Film Scouts Reviews

"Gun Shy"

by Thom Bennett

Starring: Liam Neeson, Sandra Bullock, Oliver Platt, Jose Zuniga, Michael Delorenzo, Andy Lauer, Richard Schiff, Paul Ben-Victor, Gregg Daniel, Ben Weber
Produced by Sandra Bullock and Roger Birnbaum.
Written and Directed by Eric Blakeney.

Can a shell-shocked DEA agent fall in love with the woman who just gave him an enema and ride off into the sunset?

"Gun Shy" is the most recent member of the unfortunate fraternity of films in limbo. Every year, after Summer Blockbusters, Holiday Films and award buzz subsides, there remains a handful of leftover, bordering on dreadful films that the studios simply do not know what to do with. These are the films we are left to muddle through for the first few months of every year until the studios get their collective conscience back (somewhat) and begin to trot out their hopefully better fare.

The story deals with an undercover DEA agent (Liam Neeson) who has had enough, yet must still wrap up one last case so that he car retire to the "ocean view" he rambles on about. However, things get complicated (as they so often do) when he gets involved simultaneously with his new-found support group, a hot-head gangster with (Oliver Platt) and the new love of his life (Sandra Bullock).
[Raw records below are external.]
(* Let $n\geq 2$, and let $0<x_1<\cdots<x_n$ and $0<y_1<\cdots<y_n$ be real numbers. Let $S=[1+x_iy_j]_{i,j=1}^n$. For $2\leq i\leq n$ let \[ \alpha_i=\frac{1+y_1x_i}{1+y_1x_{i-1}},\qquad \alpha_i'=\frac{1+x_1y_i}{1+x_1y_{i-1}}, \] and for $3\leq j\leq n$ let \[ \beta_j=\frac{(x_j-x_{j-1})(1+y_1x_{j-2})}{(x_{j-1}-x_{j-2})(1+y_1x_{j-1})},\qquad \beta_j'=\frac{(y_j-y_{j-1})(1+x_1y_{j-2})}{(y_{j-1}-y_{j-2})(1+x_1y_{j-1})}. \] Let $D$ be the $n\times n$ diagonal matrix with $D_{11}=1+x_1y_1$, $D_{22}=\dfrac{(x_2-x_1)(y_2-y_1)}{1+x_1y_1}$, and $D_{kk}=0$ for $3\leq k\leq n$. Then \[ S=\big(L_n(\alpha_n)\cdots L_2(\alpha_2)\big)\big(L_n(\beta_n)\cdots L_3(\beta_3)\big)\,D\,\big(U_3(\beta_3')\cdots U_n(\beta_n')\big)\big(U_2(\alpha_2')\cdots U_n(\alpha_n')\big). \]
   Context: For a real number $s$ and $2\leq i\leq n$, $L_i(s)$ denotes the $n\times n$ matrix with all diagonal entries equal to $1$, $(i,i-1)$ entry equal to $s$, and all other entries zero; $U_i(s)$ denotes the $n\times n$ matrix with all diagonal entries equal to $1$, $(i-1,i)$ entry equal to $s$, and all other entries zero (elementary bidiagonal matrices). Empty products (e.g. when $n=2$) are the identity matrix. *)

theory Defs
  imports "Jordan_Normal_Form.Matrix"
begin

text \<open>The elementary
bidiagonal matrices use the paper's 1-based index i (2 <= i <= n):
L_i(s) has entry s at 1-based position (i,i-1), i.e. 0-based (i-1,i-2);
U_i(s) has entry s at 1-based position (i-1,i), i.e. 0-based (i-2,i-1).\<close>

definition Lmat :: "nat \<Rightarrow> nat \<Rightarrow> real \<Rightarrow> real mat" where
  "Lmat n i s = mat n n (\<lambda>(r, c). if r = c then 1 else if r + 1 = i \<and> c + 2 = i then s else 0)"

definition Umat :: "nat \<Rightarrow> nat \<Rightarrow> real \<Rightarrow> real mat" where
  "Umat n i s = mat n n (\<lambda>(r, c). if r = c then 1 else if r + 2 = i \<and> c + 1 = i then s else 0)"

definition mprod :: "nat \<Rightarrow> real mat list \<Rightarrow> real mat" where
  "mprod n Ms = foldr (*) Ms (1\<^sub>m n)"

end

theory Submission
  imports Defs
begin

text \<open>As \<open>D\<close> has only two nonzero entries, entry \<open>(r, c)\<close> of the right-hand side is
\<open>P\<^sub>r\<^sub>0 D\<^sub>0\<^sub>0 Q\<^sub>c\<^sub>0 + P\<^sub>r\<^sub>1 D\<^sub>1\<^sub>1 Q\<^sub>c\<^sub>1\<close>. Here \<open>P\<close> is the product of the \<open>L\<close>-factors, built from
\<open>(y 1, x)\<close>, and the product of the \<open>U\<close>-factors is \<open>Q\<^sup>T\<close>, where \<open>Q\<close> is the same product built
from \<open>(x 1, y)\<close>. Since \<open>L\<^sub>i(s)\<close> just adds \<open>s\<close> times entry \<open>i - 1\<close> to entry \<open>i\<close>, a product of
such factors acts on a vector by a first-order recurrence. Solving it for the first two unit
vectors shows that the first two columns of \<open>P\<close> are \<open>(1 + y 1 * x (r + 1)) / (1 + y 1 * x 1)\<close>
and \<open>(x (r + 1) - x 1) / (x 2 - x 1)\<close>. What remains is the identity
\<open>(1 + y\<^sub>1 x\<^sub>r)(1 + x\<^sub>1 y\<^sub>c) + (x\<^sub>r - x\<^sub>1)(y\<^sub>c - y\<^sub>1) = (1 + x\<^sub>1 y\<^sub>1)(1 + x\<^sub>r y\<^sub>c)\<close>.\<close>

lemma increasing_ge_first:
  fixes x :: "nat \<Rightarrow> 'a::order"
  assumes "\<forall>i\<in>{1..<n}. x i < x (Suc i)" "1 \<le> i" "i \<le> n"
  shows "x 1 \<le> x i"
  using assms(2)
proof (induction i rule: dec_induct)
  case (step k)
  then have "x k < x (Suc k)"
    using assms(1,3) by simp
  with step.IH show ?case
    by (meson order.trans less_imp_le)
qed simp

lemma Lmat_carrier [simp]: "Lmat n i s \<in> carrier_mat n n"
  by (simp add: Lmat_def)

lemma Umat_eq_transpose_Lmat: "Umat n i s = transpose_mat (Lmat n i s)"
  by (rule eq_matI) (auto simp: Umat_def Lmat_def)

lemma mprod_Cons: "mprod n (M # Ms) = M * mprod n Ms"
  by (simp add: mprod_def)

lemma mprod_carrier: "set Ms \<subseteq> carrier_mat n n \<Longrightarrow> mprod n Ms \<in> carrier_mat n n"
  by (induction Ms) (auto simp: mprod_def)

lemma mprod_Lmat_carrier [simp]: "mprod n (map (\<lambda>i. Lmat n i (a i)) is) \<in> carrier_mat n n"
  by (rule mprod_carrier) auto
This is the type of film that taken on premise alone should be funny. Yet premise does not a movie make and "Gun Shy" suffers from trying to do too many things at once and none particularly well. It is not funny enough to be the spoof it wants to be, exciting or suspenseful enough to support the action scenes, and there is not enough chemistry between Neeson and Bullock to light a match, much less carry a love story.

Bullock (who also served as producer) turns in what can be considered little more than a cameo appearance in the film – and an unnecessary one at that. Her character and the paper-thin love story that she brings with her, seems as though they were added in after the fact.

Short of a rather funny performance by Oliver Platt as the bumbling wiseguy by cliché, whose dream it is to grow tomatoes in Sicily, "Gun Shy" is a rather hackneyed comedy lacking in both laughs and substance. Its relegation to the January / February cinematic dumping ground is no great mystery.